Working data Start Marker

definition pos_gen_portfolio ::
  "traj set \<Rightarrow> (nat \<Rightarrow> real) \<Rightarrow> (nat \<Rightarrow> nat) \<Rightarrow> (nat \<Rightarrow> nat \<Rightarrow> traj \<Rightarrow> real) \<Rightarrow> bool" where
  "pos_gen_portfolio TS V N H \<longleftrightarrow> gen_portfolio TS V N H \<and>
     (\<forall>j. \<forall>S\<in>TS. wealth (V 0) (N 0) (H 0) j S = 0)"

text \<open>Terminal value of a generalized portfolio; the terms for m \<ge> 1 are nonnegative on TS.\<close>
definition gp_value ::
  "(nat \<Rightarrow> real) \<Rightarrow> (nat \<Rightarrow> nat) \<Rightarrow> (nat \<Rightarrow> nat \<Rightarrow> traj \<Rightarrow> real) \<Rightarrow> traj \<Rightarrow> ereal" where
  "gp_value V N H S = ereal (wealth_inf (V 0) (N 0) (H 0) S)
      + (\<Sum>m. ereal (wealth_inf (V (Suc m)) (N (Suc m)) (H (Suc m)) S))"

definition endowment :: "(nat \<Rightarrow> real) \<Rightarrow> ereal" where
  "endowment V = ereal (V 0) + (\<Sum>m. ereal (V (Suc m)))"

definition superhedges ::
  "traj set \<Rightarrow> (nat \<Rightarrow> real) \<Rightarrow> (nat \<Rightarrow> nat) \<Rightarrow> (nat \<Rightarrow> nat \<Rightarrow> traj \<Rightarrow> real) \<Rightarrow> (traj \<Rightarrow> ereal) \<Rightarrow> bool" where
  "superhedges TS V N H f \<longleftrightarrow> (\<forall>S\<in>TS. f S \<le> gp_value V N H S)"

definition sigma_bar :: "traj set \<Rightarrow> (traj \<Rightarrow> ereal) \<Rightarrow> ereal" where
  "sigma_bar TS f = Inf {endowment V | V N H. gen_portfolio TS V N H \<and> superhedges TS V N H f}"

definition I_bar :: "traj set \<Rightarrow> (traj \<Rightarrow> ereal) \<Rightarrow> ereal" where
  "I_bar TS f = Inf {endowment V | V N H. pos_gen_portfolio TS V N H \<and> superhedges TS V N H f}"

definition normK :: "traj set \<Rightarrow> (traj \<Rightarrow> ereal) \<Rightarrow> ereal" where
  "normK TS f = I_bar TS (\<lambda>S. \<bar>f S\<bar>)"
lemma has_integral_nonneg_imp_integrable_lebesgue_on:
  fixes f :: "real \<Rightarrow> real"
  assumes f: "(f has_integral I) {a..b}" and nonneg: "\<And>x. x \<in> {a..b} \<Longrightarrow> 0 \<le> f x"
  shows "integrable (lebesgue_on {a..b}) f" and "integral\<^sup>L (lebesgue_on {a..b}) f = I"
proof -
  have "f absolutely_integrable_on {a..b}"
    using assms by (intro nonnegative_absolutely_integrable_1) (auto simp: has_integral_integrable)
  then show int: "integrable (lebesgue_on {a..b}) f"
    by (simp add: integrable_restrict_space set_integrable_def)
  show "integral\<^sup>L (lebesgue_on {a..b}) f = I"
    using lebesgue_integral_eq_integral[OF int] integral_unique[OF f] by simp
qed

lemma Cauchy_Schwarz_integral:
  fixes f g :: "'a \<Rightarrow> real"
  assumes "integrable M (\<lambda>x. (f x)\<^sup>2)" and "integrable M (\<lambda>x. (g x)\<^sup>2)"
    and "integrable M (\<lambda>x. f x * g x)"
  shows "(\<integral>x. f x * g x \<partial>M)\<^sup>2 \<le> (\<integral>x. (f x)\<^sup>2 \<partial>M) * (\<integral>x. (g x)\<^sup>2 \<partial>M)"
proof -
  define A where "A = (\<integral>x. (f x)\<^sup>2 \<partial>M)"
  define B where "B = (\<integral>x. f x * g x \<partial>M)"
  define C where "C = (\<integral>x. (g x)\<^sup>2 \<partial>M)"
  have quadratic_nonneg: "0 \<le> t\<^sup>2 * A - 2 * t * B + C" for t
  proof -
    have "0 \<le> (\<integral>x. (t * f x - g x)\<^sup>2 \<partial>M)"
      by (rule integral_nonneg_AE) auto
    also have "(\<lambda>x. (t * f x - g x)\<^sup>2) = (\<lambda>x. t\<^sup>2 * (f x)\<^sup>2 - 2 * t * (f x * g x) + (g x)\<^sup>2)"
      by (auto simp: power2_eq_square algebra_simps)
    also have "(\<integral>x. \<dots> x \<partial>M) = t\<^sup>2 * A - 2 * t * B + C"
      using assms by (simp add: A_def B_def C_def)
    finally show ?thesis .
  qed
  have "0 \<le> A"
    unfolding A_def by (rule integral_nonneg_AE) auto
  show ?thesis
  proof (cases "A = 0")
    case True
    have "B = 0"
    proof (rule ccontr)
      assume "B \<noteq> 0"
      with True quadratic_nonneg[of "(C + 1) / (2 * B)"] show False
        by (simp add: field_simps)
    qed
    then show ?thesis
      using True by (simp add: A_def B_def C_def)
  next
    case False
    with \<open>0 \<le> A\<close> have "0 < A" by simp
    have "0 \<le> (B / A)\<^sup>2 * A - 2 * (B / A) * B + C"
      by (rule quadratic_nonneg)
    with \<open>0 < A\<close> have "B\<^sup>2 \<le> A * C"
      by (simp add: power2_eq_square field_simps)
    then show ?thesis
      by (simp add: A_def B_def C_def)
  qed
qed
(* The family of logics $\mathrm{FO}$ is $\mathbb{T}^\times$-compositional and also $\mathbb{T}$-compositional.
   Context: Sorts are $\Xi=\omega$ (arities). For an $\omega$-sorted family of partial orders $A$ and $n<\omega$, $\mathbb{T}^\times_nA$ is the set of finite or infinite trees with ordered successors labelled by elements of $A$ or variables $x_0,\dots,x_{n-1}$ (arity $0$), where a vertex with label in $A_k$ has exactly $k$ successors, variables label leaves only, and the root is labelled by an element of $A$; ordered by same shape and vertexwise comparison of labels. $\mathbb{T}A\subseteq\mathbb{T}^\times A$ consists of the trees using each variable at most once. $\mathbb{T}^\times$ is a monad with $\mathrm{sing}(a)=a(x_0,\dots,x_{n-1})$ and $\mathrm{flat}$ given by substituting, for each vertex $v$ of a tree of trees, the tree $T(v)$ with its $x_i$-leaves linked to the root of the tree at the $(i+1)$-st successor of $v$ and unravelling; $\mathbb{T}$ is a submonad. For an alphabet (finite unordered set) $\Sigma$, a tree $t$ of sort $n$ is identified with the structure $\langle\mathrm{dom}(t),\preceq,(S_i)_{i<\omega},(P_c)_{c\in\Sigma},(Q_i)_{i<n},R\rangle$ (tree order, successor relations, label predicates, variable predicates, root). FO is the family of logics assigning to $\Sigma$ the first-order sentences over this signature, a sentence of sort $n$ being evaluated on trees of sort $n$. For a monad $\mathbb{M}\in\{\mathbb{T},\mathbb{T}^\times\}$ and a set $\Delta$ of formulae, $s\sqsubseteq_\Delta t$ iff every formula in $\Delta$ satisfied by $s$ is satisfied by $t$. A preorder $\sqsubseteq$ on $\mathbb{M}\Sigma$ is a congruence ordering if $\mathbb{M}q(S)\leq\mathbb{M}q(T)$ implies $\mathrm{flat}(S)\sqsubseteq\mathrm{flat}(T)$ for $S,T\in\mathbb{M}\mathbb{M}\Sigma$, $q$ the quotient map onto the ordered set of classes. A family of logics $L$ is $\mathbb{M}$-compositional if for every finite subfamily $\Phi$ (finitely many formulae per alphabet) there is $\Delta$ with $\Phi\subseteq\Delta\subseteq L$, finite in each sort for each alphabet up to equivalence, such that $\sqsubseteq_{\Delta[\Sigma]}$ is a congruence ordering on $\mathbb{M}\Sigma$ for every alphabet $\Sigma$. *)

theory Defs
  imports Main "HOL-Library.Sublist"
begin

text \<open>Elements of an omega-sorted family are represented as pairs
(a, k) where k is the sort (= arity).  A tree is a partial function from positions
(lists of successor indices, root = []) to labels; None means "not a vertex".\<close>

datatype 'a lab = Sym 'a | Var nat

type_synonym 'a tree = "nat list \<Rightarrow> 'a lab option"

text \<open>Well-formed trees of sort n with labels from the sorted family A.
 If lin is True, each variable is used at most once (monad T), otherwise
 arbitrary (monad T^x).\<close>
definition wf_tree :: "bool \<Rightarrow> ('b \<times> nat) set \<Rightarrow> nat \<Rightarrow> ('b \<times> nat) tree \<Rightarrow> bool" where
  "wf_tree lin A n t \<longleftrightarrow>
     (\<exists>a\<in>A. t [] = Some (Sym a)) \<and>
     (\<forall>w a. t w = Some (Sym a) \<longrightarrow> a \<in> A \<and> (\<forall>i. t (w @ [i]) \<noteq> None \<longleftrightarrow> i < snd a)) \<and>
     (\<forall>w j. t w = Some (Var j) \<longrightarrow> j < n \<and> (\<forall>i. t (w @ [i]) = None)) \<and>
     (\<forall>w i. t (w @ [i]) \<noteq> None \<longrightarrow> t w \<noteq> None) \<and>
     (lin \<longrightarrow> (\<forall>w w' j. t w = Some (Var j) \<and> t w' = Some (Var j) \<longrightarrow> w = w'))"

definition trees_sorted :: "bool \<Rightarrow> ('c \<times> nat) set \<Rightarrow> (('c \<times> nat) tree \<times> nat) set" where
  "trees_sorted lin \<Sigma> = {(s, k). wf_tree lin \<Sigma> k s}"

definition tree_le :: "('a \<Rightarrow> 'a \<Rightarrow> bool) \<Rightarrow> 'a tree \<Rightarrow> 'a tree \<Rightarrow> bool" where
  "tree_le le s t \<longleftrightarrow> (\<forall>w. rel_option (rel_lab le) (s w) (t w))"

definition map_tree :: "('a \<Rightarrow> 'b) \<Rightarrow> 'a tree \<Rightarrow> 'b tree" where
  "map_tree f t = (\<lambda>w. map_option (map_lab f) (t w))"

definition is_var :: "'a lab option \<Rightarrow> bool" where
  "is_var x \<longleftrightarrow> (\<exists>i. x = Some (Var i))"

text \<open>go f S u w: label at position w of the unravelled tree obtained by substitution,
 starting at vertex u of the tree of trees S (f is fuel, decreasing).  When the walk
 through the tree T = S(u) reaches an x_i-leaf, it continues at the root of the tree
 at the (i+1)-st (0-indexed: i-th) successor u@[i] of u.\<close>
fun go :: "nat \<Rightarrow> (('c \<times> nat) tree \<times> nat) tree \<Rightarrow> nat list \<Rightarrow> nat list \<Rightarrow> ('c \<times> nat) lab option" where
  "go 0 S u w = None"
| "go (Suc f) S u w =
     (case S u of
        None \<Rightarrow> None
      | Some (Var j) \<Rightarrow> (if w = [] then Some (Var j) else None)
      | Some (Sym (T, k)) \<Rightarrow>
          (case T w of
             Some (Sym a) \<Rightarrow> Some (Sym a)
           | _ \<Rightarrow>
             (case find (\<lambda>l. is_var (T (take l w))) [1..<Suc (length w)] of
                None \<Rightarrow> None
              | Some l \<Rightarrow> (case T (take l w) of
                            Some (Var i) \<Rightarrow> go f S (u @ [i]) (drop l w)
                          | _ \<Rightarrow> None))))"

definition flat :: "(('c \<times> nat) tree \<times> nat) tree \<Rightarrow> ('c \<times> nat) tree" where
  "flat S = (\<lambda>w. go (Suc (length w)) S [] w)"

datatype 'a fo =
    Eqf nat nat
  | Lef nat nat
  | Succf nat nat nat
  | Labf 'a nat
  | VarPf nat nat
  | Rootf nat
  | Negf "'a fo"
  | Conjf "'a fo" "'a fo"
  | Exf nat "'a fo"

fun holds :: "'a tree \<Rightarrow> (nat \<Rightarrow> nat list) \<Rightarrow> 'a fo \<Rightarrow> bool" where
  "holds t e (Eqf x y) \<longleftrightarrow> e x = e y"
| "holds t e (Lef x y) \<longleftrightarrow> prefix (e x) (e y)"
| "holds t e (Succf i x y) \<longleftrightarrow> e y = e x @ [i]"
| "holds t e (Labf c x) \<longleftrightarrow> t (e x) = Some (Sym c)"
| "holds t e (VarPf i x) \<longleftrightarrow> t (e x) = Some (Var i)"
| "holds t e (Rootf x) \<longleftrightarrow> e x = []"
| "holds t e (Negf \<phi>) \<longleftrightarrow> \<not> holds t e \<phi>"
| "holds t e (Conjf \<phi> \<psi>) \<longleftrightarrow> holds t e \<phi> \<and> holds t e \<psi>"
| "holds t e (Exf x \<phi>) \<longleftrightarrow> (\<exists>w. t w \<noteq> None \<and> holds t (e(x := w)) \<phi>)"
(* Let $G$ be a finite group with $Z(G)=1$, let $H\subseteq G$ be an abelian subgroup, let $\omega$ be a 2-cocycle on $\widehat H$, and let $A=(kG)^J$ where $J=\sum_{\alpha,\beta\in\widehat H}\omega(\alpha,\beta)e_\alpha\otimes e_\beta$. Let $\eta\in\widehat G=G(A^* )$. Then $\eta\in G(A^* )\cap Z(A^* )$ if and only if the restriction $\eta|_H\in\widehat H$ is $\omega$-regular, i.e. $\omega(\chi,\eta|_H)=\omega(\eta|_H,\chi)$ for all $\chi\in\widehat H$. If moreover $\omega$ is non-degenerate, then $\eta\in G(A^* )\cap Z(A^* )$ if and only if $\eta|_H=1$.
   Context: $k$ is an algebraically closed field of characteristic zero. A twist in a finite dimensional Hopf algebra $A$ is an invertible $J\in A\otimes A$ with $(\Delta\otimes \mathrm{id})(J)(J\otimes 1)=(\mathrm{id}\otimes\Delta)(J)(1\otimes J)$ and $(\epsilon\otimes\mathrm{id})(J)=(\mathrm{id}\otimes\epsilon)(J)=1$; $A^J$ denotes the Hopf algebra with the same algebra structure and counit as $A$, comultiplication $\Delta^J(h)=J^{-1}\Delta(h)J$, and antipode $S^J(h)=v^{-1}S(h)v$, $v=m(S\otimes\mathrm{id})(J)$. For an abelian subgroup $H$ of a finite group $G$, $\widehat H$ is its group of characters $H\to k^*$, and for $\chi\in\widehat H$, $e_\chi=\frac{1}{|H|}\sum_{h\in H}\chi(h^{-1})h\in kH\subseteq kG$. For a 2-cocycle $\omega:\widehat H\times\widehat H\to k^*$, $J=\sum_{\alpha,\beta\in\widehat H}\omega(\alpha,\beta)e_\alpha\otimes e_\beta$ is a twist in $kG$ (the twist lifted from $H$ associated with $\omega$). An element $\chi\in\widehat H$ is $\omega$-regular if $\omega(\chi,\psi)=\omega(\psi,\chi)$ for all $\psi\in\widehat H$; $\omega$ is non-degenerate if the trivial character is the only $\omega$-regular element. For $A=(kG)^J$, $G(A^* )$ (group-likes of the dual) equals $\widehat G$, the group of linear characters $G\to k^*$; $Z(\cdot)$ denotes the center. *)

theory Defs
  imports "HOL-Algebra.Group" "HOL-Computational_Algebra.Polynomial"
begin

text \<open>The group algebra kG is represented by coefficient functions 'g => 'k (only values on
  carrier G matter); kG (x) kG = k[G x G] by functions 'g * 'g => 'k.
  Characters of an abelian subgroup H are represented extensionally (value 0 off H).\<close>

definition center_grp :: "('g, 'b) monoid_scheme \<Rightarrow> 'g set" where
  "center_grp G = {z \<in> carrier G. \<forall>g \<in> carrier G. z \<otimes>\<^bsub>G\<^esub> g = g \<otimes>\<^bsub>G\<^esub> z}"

Working data End Marker

Work instructions -
Search the records for the word "traj" and return every line that holds it.

Task response -
  "traj set \<Rightarrow> (nat \<Rightarrow> real) \<Rightarrow> (nat \<Rightarrow> nat) \<Rightarrow> (nat \<Rightarrow> nat \<Rightarrow> traj \<Rightarrow> real) \<Rightarrow> bool" where
  "(nat \<Rightarrow> real) \<Rightarrow> (nat \<Rightarrow> nat) \<Rightarrow> (nat \<Rightarrow> nat \<Rightarrow> traj \<Rightarrow> real) \<Rightarrow> traj \<Rightarrow> ereal" where
  "traj set \<Rightarrow> (nat \<Rightarrow> real) \<Rightarrow> (nat \<Rightarrow> nat) \<Rightarrow> (nat \<Rightarrow> nat \<Rightarrow> traj \<Rightarrow> real) \<Rightarrow> (traj \<Rightarrow> ereal) \<Rightarrow> bool" where
definition sigma_bar :: "traj set \<Rightarrow> (traj \<Rightarrow> ereal) \<Rightarrow> ereal" where
definition I_bar :: "traj set \<Rightarrow> (traj \<Rightarrow> ereal) \<Rightarrow> ereal" where
definition normK :: "traj set \<Rightarrow> (traj \<Rightarrow> ereal) \<Rightarrow> ereal" where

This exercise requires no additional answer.